I will be crucified for what I am about to say. But let it be.
Sex is important to some, and less important to others.
And family is and can be so much more than sex.
So - if by some unfortunate turn of fate - it happens that everything else but sex works in a relationship - I wish that rather than suffering sexless years people just were honest and brave enough to let their partner solve it on their own.
Or - brave enough - to let themselves do that.
For me - this situation of mismatched libido is very different from affairs where people ‘have their heads turned’.
Sex outside of marriage can be just sex. Just a primal experience.
Something that would let an otherwise functioning marriage to continue.
The fantasy that one man can fulfil all of our needs for all of our life - it works for some, but not for all.

Unfortunately - most people would find it hard, to have that conversation in the open. Or actually deal with that sort of an arrangement. Insecurity and resentments will make it difficult.

But - if one just allows themselves to be happy and realise that life does have shades, and isn’t all black and white - then it becomes easier.

So - really - it’s a choice. Have lots of misery, break up families, argue about sex, etc.
Or - have a friend that you see sometimes and have a little bit of escape with. A friend who is in a similar situation to you.
Just sayin.

Talith · 03/06/2018 12:44

Essentially yes that was what I said. "I don't want to have sex with you any more."

It was so hard to utter those words it took five or six years to build up to which did my burgeoning alcohol dependence absolutely no good whatsoever. Yes it hurt his feelings terribly, regardless of any other feeling for him I had. We went into relate, and decided to separate last year. For us it was enough to end the marriage. We are a great parenting team and friends of a sort (still working through that one) but we had run our course as lovers.

But it was the truth of the matter. I'd have ended up as an alcoholic fucking him to keep the peace (he didn't demand it but I thought it was glue to hold things together) and drinking myself to death. No amount of dancing around it, or manufactured "date nights" (even the prospect made my toes curl) or shoulder massages were going to square the circle that I didn't want to be intimate with him.

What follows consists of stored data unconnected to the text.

(* Let $i\ge 3$ and $k\ge 3$ be integers, let $p$ be a nonnegative integer, and put $r=\lfloor (F_i-1)/F_k\rfloor$. If $r\ge p$ and $(r,p)\ne(0,0)$, then $$g_p(F_i,F_{i+2},F_{i+k})=\begin{cases}(F_i-rF_k-1)F_{i+2}+(r+p)F_{i+k}-F_i & \text{if } (F_i-rF_k)F_{i+2}\ge F_{k-2}F_i,\\ (F_k-1)F_{i+2}+(r+p-1)F_{i+k}-F_i & \text{if } (F_i-rF_k)F_{i+2}< F_{k-2}F_i.\end{cases}$$
   Context: Fibonacci numbers: $F_0=0$, $F_1=1$, $F_n=F_{n-1}+F_{n-2}$. For positive integers $a_1,\dots,a_l$ with $\gcd(a_1,\dots,a_l)=1$ and an integer $n$, let $d(n;a_1,\dots,a_l)$ be the number of tuples $(x_1,\dots,x_l)$ of nonnegative integers with $a_1x_1+\dots+a_lx_l=n$. For a nonnegative integer $p$, the $p$-Frobenius number $g_p(a_1,\dots,a_l)$ is the largest integer $n$ with $d(n;a_1,\dots,a_l)\le p$. *)

theory Defs
  imports "HOL-Analysis.Analysis" "HOL-Number_Theory.Fib"
begin

definition num_repr :: "int \<Rightarrow> nat list \<Rightarrow> nat" where
  "num_repr n as = card {xs :: nat list. length xs = length as \<and>
      (\<Sum>j<length as. int (as ! j) * int (xs ! j)) = n}"

definition p_frobenius :: "nat \<Rightarrow> nat list \<Rightarrow> int" where
  "p_frobenius p as = (GREATEST n :: int. num_repr n as \<le> p)"

end

theory Submission
  imports Defs
begin

text \<open>Write \<open>a = F\<^sub>i\<close>, \<open>b = F\<^sub>i\<^sub>+\<^sub>2\<close>, \<open>c = F\<^sub>i\<^sub>+\<^sub>k\<close>, \<open>f = F\<^sub>k\<close>, \<open>g = F\<^sub>k\<^sub>-\<^sub>2\<close>. Then \<open>c + g a = f b\<close>
  and \<open>a = r f + s\<close> with \<open>1 \<le> s \<le> f\<close>. As \<open>a\<close> and \<open>b\<close> are coprime, all solutions of
  \<open>a x + b y + c z = n\<close> differ from a fixed one by multiples of \<open>(-b, a, 0)\<close> and by the moves
  \<open>(x, y, z) \<mapsto> (x + g, y - f, z + 1)\<close>. For the two candidates
  \<open>N\<^sub>1 = (s - 1) b + (r + p) c - a\<close> and \<open>N\<^sub>2 = (f - 1) b + (r + p - 1) c - a\<close> nonnegativity
  rules out every multiple of \<open>(-b, a, 0)\<close> but the trivial one, and forces \<open>z < p\<close>; so both have
  at most \<open>p\<close> representations. Conversely, for \<open>n > max N\<^sub>1 N\<^sub>2\<close> pick \<open>0 \<le> y < a\<close> with
  \<open>y b \<equiv> n (mod a)\<close>: the pairs \<open>(Y, Z)\<close> with \<open>Y + f Z \<in> {y, y + a}\<close> all lie in the right residue
  class, and \<open>p + 1\<close> of them, with distinct \<open>Z\<close>, are small enough to be completed by some \<open>x \<ge> 0\<close>.
  Finally \<open>N\<^sub>1 - N\<^sub>2 = s b - g a\<close> decides which candidate is the larger.\<close>

lemma fib_add_mult_eq: "fib (i + k + 2) + fib k * fib i = fib (k + 2) * fib (i + 2)"
proof -
  have "fib (i + k + 2) = fib (k + 1) * fib (i + 2) + fib k * fib (i + 1)"
    using fib_add[of "i + 1" k] by (simp add: ac_simps)
  then show ?thesis
    by (simp add: fib_plus_2[of i] fib_plus_2[of k] algebra_simps)
qed

lemma coprime_fib_fib_plus_2: "coprime (fib n) (fib (n + 2))"
  using gcd_fib_add[of n 2] by (simp add: coprime_iff_gcd_eq_1 add.commute)

lemma two_fib_le_fib_plus_2: "2 * fib n \<le> fib (n + 2)"
  using fib_Suc_mono[of n] by (simp add: fib_plus_2)

lemma num_repr_three:
  "num_repr n [a, b, c] = card {(x, y, z). int a * int x + int b * int y + int c * int z = n}"
  unfolding num_repr_def
  by (rule bij_betw_same_card[symmetric, of "\<lambda>(x, y, z). [x, y, z]"])
    (auto simp: bij_betw_def inj_on_def numeral_3_eq_3 lessThan_Suc length_Suc_conv image_def)

lemma p_frobenius_eqI:
  assumes "num_repr N as \<le> p" and "\<And>n. N < n \<Longrightarrow> p < num_repr n as"
  shows "p_frobenius p as = N"
  unfolding p_frobenius_def
  by (rule Greatest_equality) (use assms in \<open>auto simp: not_less[symmetric]\<close>)

lemma coprime_obtain_residue:
  fixes a b n :: int
  assumes "coprime a b" and "0 < a"
  obtains y where "0 \<le> y" and "y < a" and "a dvd (n - y * b)"
proof -
  obtain u v where uv: "u * a + v * b = 1"
    using bezout_int[of a b] assms(1) by (auto simp: coprime_iff_gcd_eq_1)
  define y where "y = (n * v) mod a"
  have "n - y * b = a * (n * u + (n * v) div a * b)"
  proof -
    have "n - y * b = n * (u * a + v * b) - y * b"
      using uv by simp
    also have "\<dots> = a * (n * u) + (n * v - y) * b"
      by (simp add: algebra_simps)
    also have "n * v - y = a * ((n * v) div a)"
      unfolding y_def by (simp add: minus_mod_eq_mult_div)
    finally show ?thesis
      by (simp add: algebra_simps)
  qed
  then show thesis
    using assms(2) by (intro that[of y]) (auto simp: y_def)
qed

text \<open>Here \<open>a, b, c, f, g\<close> are as above and \<open>s = F\<^sub>i - r F\<^sub>k\<close>; the proof uses only these relations.\<close>
locale frobenius_setting =
  fixes a b c f g r s p :: int
  assumes c_eq: "c + g * a = f * b"
    and a_eq: "a = r * f + s" and s_ge: "1 \<le> s" and s_le: "s \<le> f"
    and g_ge: "1 \<le> g" and two_g_le: "2 * g \<le> f" and two_a_le: "2 * a \<le> b"
    and p_ge: "0 \<le> p" and p_le: "p \<le> r" and r_ge: "1 \<le> r"
    and coprime_ab: "coprime a b"
begin

definition reps :: "int \<Rightarrow> (nat \<times> nat \<times> nat) set" where
  "reps n = {(x, y, z). a * int x + b * int y + c * int z = n}"

definition frob :: int where
  "frob = max ((s - 1) * b + (r + p) * c) ((f - 1) * b + (r + p - 1) * c) - a"

lemma c_eq_diff: "c = f * b - g * a"
  using c_eq by simp

lemma f_ge: "2 \<le> f"
  using g_ge two_g_le by linarith

lemma f_gt: "0 < f"
  using f_ge by simp

lemma f_le_a: "f \<le> a"
proof -
  have "1 * f \<le> r * f"
    using r_ge f_ge by (intro mult_right_mono) auto
  then show ?thesis
    using a_eq s_ge by linarith
qed

lemma pf_le_a: "p * f \<le> a"
proof -
  have "p * f \<le> r * f"
    using p_le f_ge by (intro mult_right_mono) auto
  then show ?thesis
    using a_eq s_ge by linarith
qed

lemma a_gt: "0 < a" and b_gt: "0 < b"
  using f_le_a f_ge two_a_le by auto

lemma ga_le_c: "g * a \<le> c"
proof -
  have "2 * g * a \<le> f * a"
    using two_g_le a_gt by (intro mult_right_mono) auto
  also have "\<dots> \<le> f * b"
    using two_a_le a_gt f_ge by (intro mult_left_mono) auto
  finally show ?thesis
    using c_eq by linarith
qed

lemma c_gt: "0 < c"
  using ga_le_c mult_pos_pos[of g a] g_ge a_gt by linarith

lemma finite_reps: "finite (reps n)"
proof (rule finite_subset)
  show "reps n \<subseteq> {0..nat n} \<times> {0..nat n} \<times> {0..nat n}"
  proof
    fix t assume "t \<in> reps n"
    then obtain x y z where t: "t = (x, y, z)" and e: "a * int x + b * int y + c * int z = n"
      unfolding reps_def by auto
    have "int x \<le> a * int x" "int y \<le> b * int y" "int z \<le> c * int z"
      using a_gt b_gt c_gt by (simp_all add: mult_le_cancel_right1)
    moreover have "0 \<le> a * int x" "0 \<le> b * int y" "0 \<le> c * int z"
      using a_gt b_gt c_gt by auto
    ultimately show "t \<in> {0..nat n} \<times> {0..nat n} \<times> {0..nat n}"
      using e t by auto
  qed
qed simp

lemma solution_shape:
  fixes x y z x0 y0 :: int
  assumes "a * x + b * y + c * z = x0 * a + y0 * b"
  obtains j where "y = y0 + j * a - f * z" and "x = x0 + g * z - j * b"
proof -
  have e: "(x - g * z - x0) * a = (y0 - y - f * z) * b"
    using assms unfolding c_eq_diff by (simp add: algebra_simps)
  then have "a dvd (y0 - y - f * z)"
    using coprime_ab by (metis coprime_dvd_mult_left_iff dvd_triv_right)
  then obtain t where t: "y0 - y - f * z = a * t" ..
  then have "(x - g * z - x0) * a = (t * b) * a"
    using e by (simp add: ac_simps)
  then have "x - g * z - x0 = t * b"
    using a_gt by simp
  with t show thesis
    by (intro that[of "-t"]) (simp_all add: algebra_simps)
qed
lemma center_carrier: "z \<in> center G \<Longrightarrow> z \<in> carrier G"
  by (simp add: center_def)

lemma (in group) subgroup_center: "subgroup (center G) G"
proof (rule subgroupI)
  fix z assume z: "z \<in> center G"
  have "inv z \<otimes> g = g \<otimes> inv z" if g: "g \<in> carrier G" for g
  proof -
    have "inv (inv g \<otimes> z) = inv (z \<otimes> inv g)"
      using centerD[OF z, of "inv g"] g by simp
    then show ?thesis
      using g center_carrier[OF z] by (simp add: inv_mult_group)
  qed
  then show "inv z \<in> center G"
    using center_carrier[OF z] by (simp add: center_def)
next
  fix z w assume z: "z \<in> center G" and w: "w \<in> center G"
  note zw_carrier = center_carrier[OF z] center_carrier[OF w]
  have "z \<otimes> w \<otimes> g = g \<otimes> (z \<otimes> w)" if g: "g \<in> carrier G" for g
  proof -
    have "z \<otimes> w \<otimes> g = z \<otimes> (g \<otimes> w)"
      using centerD[OF w g] zw_carrier g by (simp add: m_assoc)
    also have "\<dots> = g \<otimes> (z \<otimes> w)"
      using centerD[OF z g] zw_carrier g by (simp flip: m_assoc)
    finally show ?thesis .
  qed
  then show "z \<otimes> w \<in> center G"
    using zw_carrier by (simp add: center_def)
qed (auto simp: center_def)

definition power_product :: "('a, 'b) monoid_scheme \<Rightarrow> ('i \<Rightarrow> 'a) \<Rightarrow> ('i \<Rightarrow> int) \<Rightarrow> 'i list \<Rightarrow> 'a" where
  "power_product G y k L = foldr (\<lambda>i p. y i [^]\<^bsub>G\<^esub> k i \<otimes>\<^bsub>G\<^esub> p) L \<one>\<^bsub>G\<^esub>"

lemma power_product_Nil [simp]: "power_product G y k [] = \<one>\<^bsub>G\<^esub>"
  by (simp add: power_product_def)

lemma power_product_Cons [simp]:
  "power_product G y k (i # L) = y i [^]\<^bsub>G\<^esub> k i \<otimes>\<^bsub>G\<^esub> power_product G y k L"
  by (simp add: power_product_def)

lemma power_product_integer_group: "power_product integer_group y k L = (\<Sum>i\<leftarrow>L. k i * y i)"
  by (induction L) simp_all

context group begin

lemma power_product_mem_subgroup:
  "subgroup K G \<Longrightarrow> y ` set L \<subseteq> K \<Longrightarrow> power_product G y k L \<in> K"
  by (induction L) (auto simp: subgroup.one_closed subgroup.m_closed subgroup_int_pow_closed)

lemma power_product_closed: "y ` set L \<subseteq> carrier G \<Longrightarrow> power_product G y k L \<in> carrier G"
  by (rule power_product_mem_subgroup[OF subgroup_self])

lemma power_product_zero: "\<forall>i \<in> set L. k i = 0 \<Longrightarrow> power_product G y k L = \<one>"
  by (induction L) auto

lemma power_product_indicator:
  assumes "distinct L" "i \<in> set L" "y ` set L \<subseteq> carrier G"
  shows "power_product G y (\<lambda>j. if j = i then 1 else 0) L = y i"
  using assms
proof (induction L)
  case (Cons j L)
  show ?case
  proof (cases "j = i")
    case True
    then have "power_product G y (\<lambda>j. if j = i then 1 else 0) L = \<one>"
      using Cons.prems(1) by (intro power_product_zero) auto
    then show ?thesis
      using True Cons.prems(3) by simp
  next
    case False
    then show ?thesis
      using Cons by (simp add: image_subset_iff)
  qed
qed simp

lemma power_product_add:
  assumes "y ` set L \<subseteq> center G"
  shows "power_product G y k L \<otimes> power_product G y k' L = power_product G y (\<lambda>i. k i + k' i) L"
  using assms
proof (induction L)
  case (Cons i L)
  let ?P = "power_product G y k L" and ?P' = "power_product G y k' L"
  have y_L: "y ` set L \<subseteq> center G" and y_i: "y i \<in> center G"
    using Cons.prems by auto
  have P: "?P \<in> center G"
    by (rule power_product_mem_subgroup[OF subgroup_center y_L])
  have P': "?P' \<in> center G"
    by (rule power_product_mem_subgroup[OF subgroup_center y_L])
  note carrier = center_carrier[OF y_i] center_carrier[OF P] center_carrier[OF P']
  have "power_product G y k (i # L) \<otimes> power_product G y k' (i # L)
      = y i [^] k i \<otimes> (?P \<otimes> y i [^] k' i) \<otimes> ?P'"
    using carrier by (simp add: m_assoc)
  also have "\<dots> = y i [^] k i \<otimes> (y i [^] k' i \<otimes> ?P) \<otimes> ?P'"
    using centerD[OF P, of "y i [^] k' i"] carrier by simp
  also have "\<dots> = y i [^] k i \<otimes> y i [^] k' i \<otimes> (?P \<otimes> ?P')"
    using carrier by (simp add: m_assoc)
  also have "\<dots> = power_product G y (\<lambda>i. k i + k' i) (i # L)"
    using Cons.IH[OF y_L] carrier by (simp add: int_pow_mult)
  finally show ?case .
qed simp

lemma subgroup_power_products:
  assumes "y ` set L \<subseteq> center G"
  shows "subgroup (range (\<lambda>k. power_product G y k L)) G"
proof (rule subgroupI)
  have y: "y ` set L \<subseteq> carrier G"
    using assms subgroup.subset[OF subgroup_center] by blast
  show "range (\<lambda>k. power_product G y k L) \<subseteq> carrier G"
    using power_product_closed[OF y] by blast
  show "range (\<lambda>k. power_product G y k L) \<noteq> {}"
    by blast
  fix x assume "x \<in> range (\<lambda>k. power_product G y k L)"
  then obtain k where x: "x = power_product G y k L"
    by blast
  have "power_product G y (\<lambda>i. - k i) L \<otimes> x = \<one>"
    using power_product_add[OF assms] power_product_zero[of L "\<lambda>_. 0"] by (simp add: x)
  then have "inv x = power_product G y (\<lambda>i. - k i) L"
    using power_product_closed[OF y] by (simp add: x inv_equality)
  then show "inv x \<in> range (\<lambda>k. power_product G y k L)"
    by simp
next
  fix x x' assume "x \<in> range (\<lambda>k. power_product G y k L)" "x' \<in> range (\<lambda>k. power_product G y k L)"
  then show "x \<otimes> x' \<in> range (\<lambda>k. power_product G y k L)"
    using power_product_add[OF assms] by auto
qed

end

lemma (in group_hom) hom_power_product:
  assumes "y ` set L \<subseteq> carrier G"
  shows "h (power_product G y k L) = power_product H (h \<circ> y) k L"
  using assms by (induction L) (auto simp: G.power_product_closed hom_int_pow)

lemma (in normal) rcos_conj_eq:
  assumes "x \<in> carrier G" "g \<in> carrier G" "comm G x g \<in> H"
  shows "H #> (inv g \<otimes> x \<otimes> g) = H #> x"
proof -
  interpret Q: group "G Mod H"
    by (rule factorgroup_is_group)
  have "H #> (inv g \<otimes> x \<otimes> g) = (H #> x) <#> (H #> comm G x g)"
    using assms by (simp add: conj_eq_mult_comm rcos_sum)
  also have "\<dots> = (H #> x) \<otimes>\<^bsub>G Mod H\<^esub> \<one>\<^bsub>G Mod H\<^esub>"
    using assms by (simp add: rcos_const is_group)
  also have "\<dots> = H #> x"
    using assms by (simp add: carrier_FactGroup del: mult_FactGroup one_FactGroup)
  finally show ?thesis .
qed

lemma (in normal) rcos_in_center:
  assumes x: "x \<in> carrier G" and comm_x: "\<And>g. g \<in> carrier G \<Longrightarrow> comm G x g \<in> H"
  shows "H #> x \<in> center (G Mod H)"
proof -
  have "(H #> x) <#> (H #> g) = (H #> g) <#> (H #> x)" if g: "g \<in> carrier G" for g
  proof -
    have "(H #> x) <#> (H #> g) = (H #> g) <#> (H #> (inv g \<otimes> x \<otimes> g))"
      using x g by (simp add: rcos_sum m_assoc)
    then show ?thesis
      using rcos_conj_eq[OF x g comm_x[OF g]] by simp
  qed
  then show ?thesis
    using x by (auto simp: center_def carrier_FactGroup)
qed

lemma (in group) normal_closure_mod_power_product:
  assumes H: "H \<lhd> G" and S: "S \<subseteq> carrier G"
    and central: "comm_subgroup G (normal_closure G S) (carrier G) \<subseteq> H"
    and y_S: "y ` set L \<subseteq> S" and S_cases: "S \<subseteq> H \<union> y ` set L" and L: "distinct L"
    and r: "r \<in> normal_closure G S"
  obtains k where "r \<otimes> inv (power_product G y k L) \<in> H"
proof -
  interpret H: normal H G by fact
  interpret Q: group "G Mod H"
    by (rule H.factorgroup_is_group)
  define q where "q x = H #> x" for x
  interpret q: group_hom G "G Mod H" q
    using H.r_coset_hom_Mod by unfold_locales (simp add: q_def[abs_def])
  let ?N = "normal_closure G S"
  have N: "subgroup ?N G"
    using normal_normal_closure[OF S] by (rule normal_imp_subgroup)
  have y: "y ` set L \<subseteq> carrier G"
    using y_S S by blast
  have comm_H: "comm G x g \<in> H" if "x \<in> ?N" "g \<in> carrier G" for x g
    using that central by (blast intro: comm_in_comm_subgroup)
  have y_N: "y ` set L \<subseteq> ?N"
    using y_S normal_closure_incl[OF S] by blast
  have qy: "(q \<circ> y) ` set L \<subseteq> center (G Mod H)"
    using y y_N by (auto simp: q_def intro!: H.rcos_in_center comm_H)
  \<comment> \<open>The cosets of power products form a subgroup of the quotient (the factors are central
    there), and it contains the coset of every conjugate of an element of S.\<close>
  let ?P = "range (\<lambda>k. power_product (G Mod H) (q \<circ> y) k L)"
  have conj_in_P: "inv g \<otimes> x \<otimes> g \<in> q -` ?P \<inter> carrier G" if g: "g \<in> carrier G" and x: "x \<in> S" for g x
  proof -
    from S_cases x consider "x \<in> H" | i where "i \<in> set L" "x = y i"
      by blast
    then have "q x \<in> ?P"
    proof cases
      case 1
      then have "q x = power_product (G Mod H) (q \<circ> y) (\<lambda>_. 0) L"
        by (simp add: q_def H.rcos_const is_group Q.power_product_zero)
      then show ?thesis
        by blast
    next
      case (2 i)
      then have "q x = power_product (G Mod H) (q \<circ> y) (\<lambda>j. if j = i then 1 else 0) L"
        using Q.power_product_indicator[OF L] qy subgroup.subset[OF Q.subgroup_center] by auto
      then show ?thesis
        by blast
    qed
    moreover have "x \<in> ?N" "x \<in> carrier G"
      using x S normal_closure_incl[OF S] by blast+
    then have "q (inv g \<otimes> x \<otimes> g) = q x"
      unfolding q_def by (intro H.rcos_conj_eq g comm_H)
    ultimately show ?thesis
      using S g x by auto
  qed
  have "?N \<subseteq> q -` ?P \<inter> carrier G"
    unfolding normal_closure_def
    by (rule generate_subgroup_incl[OF _ q.subgroup_vimage[OF Q.subgroup_power_products[OF qy]]])
      (use conj_in_P in blast)
  then obtain k where "q r = power_product (G Mod H) (q \<circ> y) k L"
    using r by blast
  also have "\<dots> = q (power_product G y k L)"
    using q.hom_power_product[OF y] by simp
  finally have "H #> r = H #> power_product G y k L"
    by (simp add: q_def)
  then have "r \<in> H #> power_product G y k L"
    using rcos_self[OF subgroup.mem_carrier[OF N r] H.subgroup_axioms] by simp
  then show thesis
    using H.rcos_module_imp[OF is_group power_product_closed[OF y]] that by blast
qed
lemma flatten_equivariant:
  "g \<in> sigma ns k \<Longrightarrow> y < leaves ns k \<Longrightarrow>
   flatten ns k (act ns k g c) (emb ns k g y) = flatten ns k c y"
proof (induction k arbitrary: g c y)
  case 0
  then show ?case by simp
next
  case (Suc k)
  let ?m = "ns (Suc k)" and ?n = "leaves ns k"
  define \<sigma> where "\<sigma> = g []"
  have \<sigma>: "\<sigma> permutes {..<?m}" using Suc.prems(1) by (simp add: \<sigma>_def)
  obtain j i where ji: "j < ?m" "i < ?n" "y = j * ?n + i"
    using Suc.prems(2) by (auto simp: leaves_Suc elim: less_mult_blockE)
  define g' where "g' = (\<lambda>q. g (\<sigma> j # q))"
  have \<sigma>j: "\<sigma> j < ?m" and inv_\<sigma>j: "inv \<sigma> (\<sigma> j) = j"
    using permutes_in_image[OF \<sigma>] permutes_inverses(2)[OF \<sigma>] ji(1) by auto
  have g': "g' \<in> sigma ns k" using Suc.prems(1) \<sigma>j by (simp add: g'_def \<sigma>_def)
  have emb_i: "emb ns k g' i < ?n"
    using permutes_in_image[OF emb_permutes[OF g']] ji(2) by simp
  have emb_y: "emb ns (Suc k) g y = \<sigma> j * ?n + emb ns k g' i"
    unfolding ji(3) \<sigma>_def g'_def by (rule emb_Suc_block[OF ji(1,2)])
  have leaf: "act ns (Suc k) g c [\<sigma> j] = c [j]"
    using \<sigma>j inv_\<sigma>j by (simp add: \<sigma>_def)
  have subtree: "flatten ns k (\<lambda>q. act ns (Suc k) g c (\<sigma> j # q)) (emb ns k g' i)
      = flatten ns k (\<lambda>q. c (j # q)) i"
  proof -
    have "flatten ns k (\<lambda>q. act ns (Suc k) g c (\<sigma> j # q))
        = flatten ns k (act ns k g' (\<lambda>q. c (j # q)))"
      using flatten_act_Suc_subtree[of "\<sigma> j" ns k g c, OF \<sigma>j]
      unfolding g'_def \<sigma>_def[symmetric] inv_\<sigma>j .
    then show ?thesis using Suc.IH[OF g' ji(2)] by simp
  qed
  have "flatten ns (Suc k) (act ns (Suc k) g c) (emb ns (Suc k) g y)
      = act ns (Suc k) g c [\<sigma> j] + sep_radius ?m (\<lambda>a. act ns (Suc k) g c [a]) *\<^sub>R
          shrink (flatten ns k (\<lambda>q. act ns (Suc k) g c (\<sigma> j # q)) (emb ns k g' i))"
    unfolding emb_y by (rule flatten_Suc_block[OF \<sigma>j emb_i])
  also have "\<dots> = c [j] + sep_radius ?m (\<lambda>a. c [a]) *\<^sub>R shrink (flatten ns k (\<lambda>q. c (j # q)) i)"
    by (simp only: leaf sep_radius_act_Suc[OF Suc.prems(1)] subtree)
  also have "\<dots> = flatten ns (Suc k) c y"
    unfolding ji(3) by (rule flatten_Suc_block[OF ji(1,2), symmetric])
  finally show ?case .
qed

lemma continuous_map_flatten_coordinate:
  assumes "\<And>p. p \<in> idx ns k \<Longrightarrow> continuous_map X euclidean (\<lambda>x. h x p)" "i < leaves ns k"
  shows "continuous_map X euclidean (\<lambda>x. flatten ns k (h x) i)"
  using assms
proof (induction k arbitrary: h i)
  case 0
  then show ?case by simp
next
  case (Suc k)
  obtain j i' where ji: "j < ns (Suc k)" "i' < leaves ns k" "i = j * leaves ns k + i'"
    using Suc.prems(2) by (auto simp: leaves_Suc elim: less_mult_blockE)
  have "continuous_map X euclidean (\<lambda>x. flatten ns k (\<lambda>q. h x (j # q)) i')"
    using Suc.prems(1) ji(1,2) by (intro Suc.IH) simp_all
  then have "continuous_map X euclidean (\<lambda>x. shrink (flatten ns k (\<lambda>q. h x (j # q)) i'))"
    using continuous_map_compose[OF _ continuous_map_shrink] by (simp add: o_def)
  moreover have "continuous_map X euclideanreal (\<lambda>x. sep_radius (ns (Suc k)) (\<lambda>a. h x [a]))"
    using Suc.prems(1) by (intro continuous_map_sep_radius) simp
  ultimately show ?case
    unfolding ji(3) flatten_Suc_block[OF ji(1,2)] using Suc.prems(1) ji(1)
    by (intro continuous_map_add continuous_map_scaleR) simp_all
qed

Overall year on and he looks like a man who has the weight lifted off his shoulders with a new partner. I have enjoyed reclaiming my body and sexuality. I avoid alcohol when I have sex now as I enjoy remembering it!

IllHaveALargeGlassOfRed · 03/06/2018 13:02

Many thanks to PP who have posted advice directly relating to my posts. I've never really fancied him - I've certainly never had the fanny flutters/gallops Smile for him (love that phrase!). He's done the job when I've been in the mood but my trusty toy does a better job to be honest. My non fancying him is not just based on his technique but a lot of other things.

I'm going to step away as I don't want to hog the thread but this thread has given me a lot to think about.

Good luck to everyone on this thread. I hope it works out for everyone.